Lithium Is Cheap — But Is It A Buy?
For months I watched the prices slowly tick higher.
$100… $115… $130… $145…
$30… $40… $50… $60…
And then I gave up… “Forget it. I missed this one.”
These were the prices over the last year of Albemarle (ALB) and Sociedad Química y Minera (SQM), respectively — two of the largest lithium producers in the world during a period when the price of lithium doubled.
Up until this week, I had all but given up on investing in the energy source of future tech as prices had simply run too far too fast. But that all changed over the last few weeks as oversupply concerns dropped lithium stocks down to a level not seen since September…
Last month, Morgan Stanley published a report predicting lithium prices will fall 45% by 2025, as increased supply could outweigh demand. This was just weeks after the Chilean government opened the doors to new competition in the country (Chile is the world’s second-largest lithium producer, behind Australia), which coupled together sent the big players spiraling…
- Albemarle down 30% from highs
- SQM down 24% from highs
- FMC Corp. down 20% from highs.
If the report is accurate, this sort of fall is rightfully deserved. After all, these companies’ stock prices have gone virtually straight up on lower supply and higher demand expectations.
However, as expected, lithium producer executives are not lying down without a fight, which leads me to believe that prices now could have fallen too far too fast.
Here’s what Ken Brinsden, CEO of Australian miner Pilbara Minerals, said at a mining conference in Florida last week:
I am firmly of the view that everyone, including Morgan Stanley, is grossly underestimating how quickly the market is moving on the demand side.
And here’s Luke Kissam, CEO of Albemarle, during their Q4 conference call (days after the Morgan Stanley report) speaking about demand:
So back during the Investor Day, our models were looking at incremental [lithium] growth over the next five years at about 35,000 metric tons per year. And our new demand models suggest about 70,000 metric tons per year over the next five years on average.
That’s right. The second-largest lithium producer in the world just doubled its demand forecast. And they didn’t stop there.

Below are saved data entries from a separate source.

lemma large_red_component_if_W_in_blue_component:
  assumes w: "w \<in> W" and W_C: "W \<subseteq> component_of V B w"
    and C_ne: "component_of V B w \<noteq> V" and "real (card W) > 2 * d"
  shows "\<exists>x\<in>V. real (card (component_of V R x)) \<ge> real (card V) - d"
proof -
  let ?C = "component_of V B w"
  obtain x where x: "x \<in> V - ?C" using C_ne component_of_subset[of V B w] by blast
  then have xW: "x \<notin> W" using W_C by blast
  have card_C: "real (card ?C) > 2 * d"
    using card_mono[OF finite_subset[OF component_of_subset[of V B w] finite_V] W_C] assms(4) by linarith
  define N where "N = {y \<in> ?C. {x, y} \<notin> E}"
  have "V - N \<subseteq> component_of V R x"
  proof
    fix z assume z: "z \<in> V - N"
    have "linked R x z"
    proof (cases "z \<in> ?C")
      case True
      then have "{x, z} \<in> E" using z by (simp add: N_def)
      moreover have "\<not> linked B x z"
        using not_linked_out_of_component[OF True x] linked_sym[of B x z] by blast
      ultimately show ?thesis using xW red_if_not_blue_linked linked_edge by blast
    next
      case False
      then have "z \<notin> W" using W_C by blast
      then show ?thesis
        using red_linked_outside_blue_component[OF x, of z ?C] False z xW card_C by auto
    qed
    then show "z \<in> component_of V R x" using z by (simp add: mem_component_of_iff)
  qed
  then have "card (V - N) \<le> card (component_of V R x)"
    by (rule card_mono[OF finite_subset[OF component_of_subset finite_V]])
  moreover have "card V \<le> card (V - N) + card N"
  proof -
    have "N \<subseteq> V" using component_of_subset[of V B w] by (auto simp: N_def)
    then show ?thesis using finite_V by (simp add: card_Diff_subset finite_subset card_mono)
  qed
  moreover have "real (card N) \<le> d"
    unfolding N_def using card_nonadjacent_le[of x ?C] x component_of_subset[of V B w] by blast
  ultimately have "real (card V) - d \<le> real (card (component_of V R x))" by linarith
  then show ?thesis using x by blast
qed

lemma red_spanning_if_W_blue_disconnected:
  assumes w: "w1 \<in> W" "w2 \<in> W" "\<not> linked B w1 w2"
    and blue_nbrs: "\<And>w. w \<in> W \<Longrightarrow> real (card {u \<in> V - W. {w, u} \<in> B}) > 2 * d"
  shows "\<exists>u\<in>V. component_of V R u = V"
proof -
  define B1 where "B1 = {u \<in> V - W. {w1, u} \<in> B}"
  define B2 where "B2 = {u \<in> V - W. {w2, u} \<in> B}"
  let ?C1 = "component_of V B w1" and ?C2 = "component_of V B w2"
  have B1: "B1 \<subseteq> ?C1" "B1 \<inter> W = {}" "real (card B1) > 2 * d"
    using blue_nbrs[OF w(1)] by (auto simp: B1_def mem_component_of_iff intro: linked_edge)
  have B2: "B2 \<subseteq> ?C2" "B2 \<inter> W = {}" "real (card B2) > 2 * d"
    using blue_nbrs[OF w(2)] by (auto simp: B2_def mem_component_of_iff intro: linked_edge)
  have disj: "?C1 \<inter> ?C2 = {}" using component_of_disjoint[OF w(3)] .
  have "B1 \<noteq> {}" using B1(3) d_nonneg by auto
  then obtain u where u: "u \<in> B1" by blast
  have u_out: "u \<in> V - ?C2" using u B1(1) disj component_of_subset[of V B w1] by blast
  have outside_C2: "linked R u z" if "z \<in> V - ?C2" for z
    using red_linked_outside_blue_component[OF u_out that B2(1,3)] B2(2) by blast
  have "linked R u z" if z: "z \<in> V" for z
  proof (cases "z \<in> ?C2")
    case True
    then have "z \<in> V - ?C1" using disj z by blast
    have "\<exists>y\<in>B1. {z, y} \<in> R"
    proof (rule exists_red_neighbour[OF \<open>z \<in> V - ?C1\<close> B1(1)])
      show "real (card B1) > d" using B1(3) d_nonneg by simp
      show "\<not> {z, y} \<subseteq> W" if "y \<in> B1" for y using that B1(2) by blast
    qed
    then obtain y where y: "y \<in> B1" "{z, y} \<in> R" by blast
    have "linked R u y" using outside_C2 y(1) B1(1) disj component_of_subset[of V B w1] by blast
    then show ?thesis using rtranclp_trans[OF _ linked_sym[OF linked_edge[OF y(2)]]] by blast
  qed (use outside_C2 z in blast)
  then have "component_of V R u = V" by (auto simp: component_of_def)
  then show ?thesis using u_out by blast
qed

Here’s Luke’s response later in the call to a supply question from Vincent Andrews, the Morgan Stanley analyst who wrote the negative report:
We believe that the market is going to remain tight… If you’ve read the articles in the press about the automobile-makers and the OEMs trying to go directly to grab lithium, that tells you the automakers believe that the market is going to be tight… So what the supply chain is telling us, what the customers are telling us and what we believe is that this market is going to remain tight for the foreseeable future.
Altogether, it now seems very possible the market fell too far too fast on this seemingly overblown supply-side news — which for us presents a buying opportunity.
Now, keep in mind, when an industry is out of favor, it can stay that way for a long time. And right now the lithium industry is definitely out of favor.
So right now I’d be a buyer of the big lithium producers as long-term investments.
Don’t expect the sentiment to turn overnight. But know that lithium will play a major role in our future, and this “blip” could be your last chance to cash in before you’re like me, saying, “Forget it. I missed this one.”